Needless to say, the failure of most trials to demonstrate a statistically significant between-group difference should not be interpreted as evidence that physiotherapy interventions do not increase SCIM/FIM, for a number of reasons. First, some of the negative trials were too small to rule out the possibility of clinically meaningful treatment effects. This is evident by the width of the 95% CI of the mean between-group differences. For example, Wirz et al. [25] failed to rule out the possibility of a 21/40 point increase on the SCIM mobility sub-score (as indicated by the higher bound of the 95% CI; see Fig. 3). Secondly, the failure of one treatment compared to another treatment to demonstrate a treatment effect does not tell us anything about a treatment compared to no treatment. The two treatments may be equally effective (or ineffective). Thirdly, the results may reflect the difficulty of trying to demonstrate a treatment effect from any one physiotherapy intervention alone. It may be that many different physiotherapy interventions need to be administered as part of a package of treatments to change SCIM/FIM. It is also likely that the effect of physiotherapy interventions on SCIM/FIM is strongly influenced by many other factors including time since injury, type of injury and treatment dosage. There was considerable variability in all these factors across the different studies (see Table 1). Lastly, two trials used a cross-over design [9, 10], which may not have been appropriate despite the authors’ claims that there was no evidence of a carry-over effect.

Of course, this systematic review may not provide a full picture of the available evidence. For example, the exclusion of papers not published in English may have biased our results. It is also possible that there are trials, which were conducted but never published but these are more likely to be negative trials than positive trials.
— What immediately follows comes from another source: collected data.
text \<open>Deterministic adaptive group testing schemes as finite decision trees:
  Test S neg pos performs the test on S and continues with neg if the outcome is
  negative and with pos otherwise; Decide y outputs the estimate y.\<close>
datatype gt_scheme = Decide "nat \<Rightarrow> bool" | Test "nat set" gt_scheme gt_scheme

definition test_outcome :: "nat set \<Rightarrow> (nat \<Rightarrow> bool) \<Rightarrow> bool" where
  "test_outcome S x = (\<exists>i\<in>S. x i)"

fun gt_run :: "gt_scheme \<Rightarrow> (nat \<Rightarrow> bool) \<Rightarrow> (nat \<Rightarrow> bool)" where
  "gt_run (Decide y) x = y"
| "gt_run (Test S neg pos) x = (if test_outcome S x then gt_run pos x else gt_run neg x)"

fun gt_num_tests :: "gt_scheme \<Rightarrow> (nat \<Rightarrow> bool) \<Rightarrow> nat" where
  "gt_num_tests (Decide y) x = 0"
| "gt_num_tests (Test S neg pos) x =
     Suc (if test_outcome S x then gt_num_tests pos x else gt_num_tests neg x)"

end

theory Submission
  imports Defs
begin

text \<open>Given the seed set, the infection indicators are independent Bernoulli variables: a
  non-seed in a community containing Z seeds is infected with probability 1 - (1 - q)^Z. A
  zero-error adaptive scheme is a binary decision tree whose leaves identify X, so by Kraft's
  inequality and Gibbs' inequality its expected number of tests, conditionally on the seeds, is
  at least the entropy of this product distribution, i.e. the sum over communities of
  (k - Z) h_b(1 - (1 - q)^Z). Averaging over the seeds, Z is Binomial(k, p) in each of the m
  communities.\<close>

definition pmf_entropy :: "'a pmf \<Rightarrow> real" where
  "pmf_entropy D = measure_pmf.expectation D (\<lambda>x. - log 2 (pmf D x))"

lemma gt_kraft_inequality:
  assumes "finite S" and "inj_on (gt_run A) S"
  shows "(\<Sum>x\<in>S. (1/2::real) ^ gt_num_tests A x) \<le> 1"
  using assms
proof (induction A arbitrary: S)
  case (Decide y)
  then have "card S \<le> 1"
    by (simp add: inj_on_def card_le_Suc0_iff_eq)
  then show ?case by simp
next
  case (Test T neg pos)
  let ?w = "\<lambda>B x. (1/2::real) ^ gt_num_tests B x"
  define S\<^sub>p where "S\<^sub>p = {x\<in>S. test_outcome T x}"
  define S\<^sub>n where "S\<^sub>n = {x\<in>S. \<not> test_outcome T x}"
  have "inj_on (gt_run pos) S\<^sub>p" "inj_on (gt_run neg) S\<^sub>n"
    using Test.prems(2) by (auto simp: inj_on_def S\<^sub>p_def S\<^sub>n_def)
  then have "(\<Sum>x\<in>S\<^sub>p. ?w pos x) \<le> 1" "(\<Sum>x\<in>S\<^sub>n. ?w neg x) \<le> 1"
    using Test.IH Test.prems(1) by (auto simp: S\<^sub>p_def S\<^sub>n_def)
  moreover have "(\<Sum>x\<in>S. ?w (Test T neg pos) x)
      = (\<Sum>x\<in>S\<^sub>p. ?w (Test T neg pos) x) + (\<Sum>x\<in>S\<^sub>n. ?w (Test T neg pos) x)"
    using Test.prems(1)
    by (subst sum.union_disjoint[symmetric]) (auto simp: S\<^sub>p_def S\<^sub>n_def intro: sum.cong)
  moreover have "(\<Sum>x\<in>S\<^sub>p. ?w (Test T neg pos) x) = (\<Sum>x\<in>S\<^sub>p. ?w pos x) / 2"
    "(\<Sum>x\<in>S\<^sub>n. ?w (Test T neg pos) x) = (\<Sum>x\<in>S\<^sub>n. ?w neg x) / 2"
    by (simp_all add: sum_divide_distrib S\<^sub>p_def S\<^sub>n_def)
  ultimately show ?case by simp
qed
Importantly, there are many more measures of function than merely SCIM/FIM. So the results of this systematic review only summarise the effect of physiotherapy on SCIM/FIM, not on function per se (that was not the purpose of this systematic review).

In all, this systematic review provides initial weak evidence to suggest that robotic gait training and a few other physiotherapy interventions increase SCIM/FIM scores. This limited evidence is surprising because anecdotal evidence strongly suggests that many different types of physiotherapy interventions increase SCIM/FIM. However, and importantly, the lack of evidence should not be interpreted as evidence of no effect. Until further studies are conducted it may be prudent to control for the possible confounding effects of all physiotherapy interventions in clinical trials and cohort studies. However, it should be clear that at this point in time this is an assumption that is not based on high-quality evidence.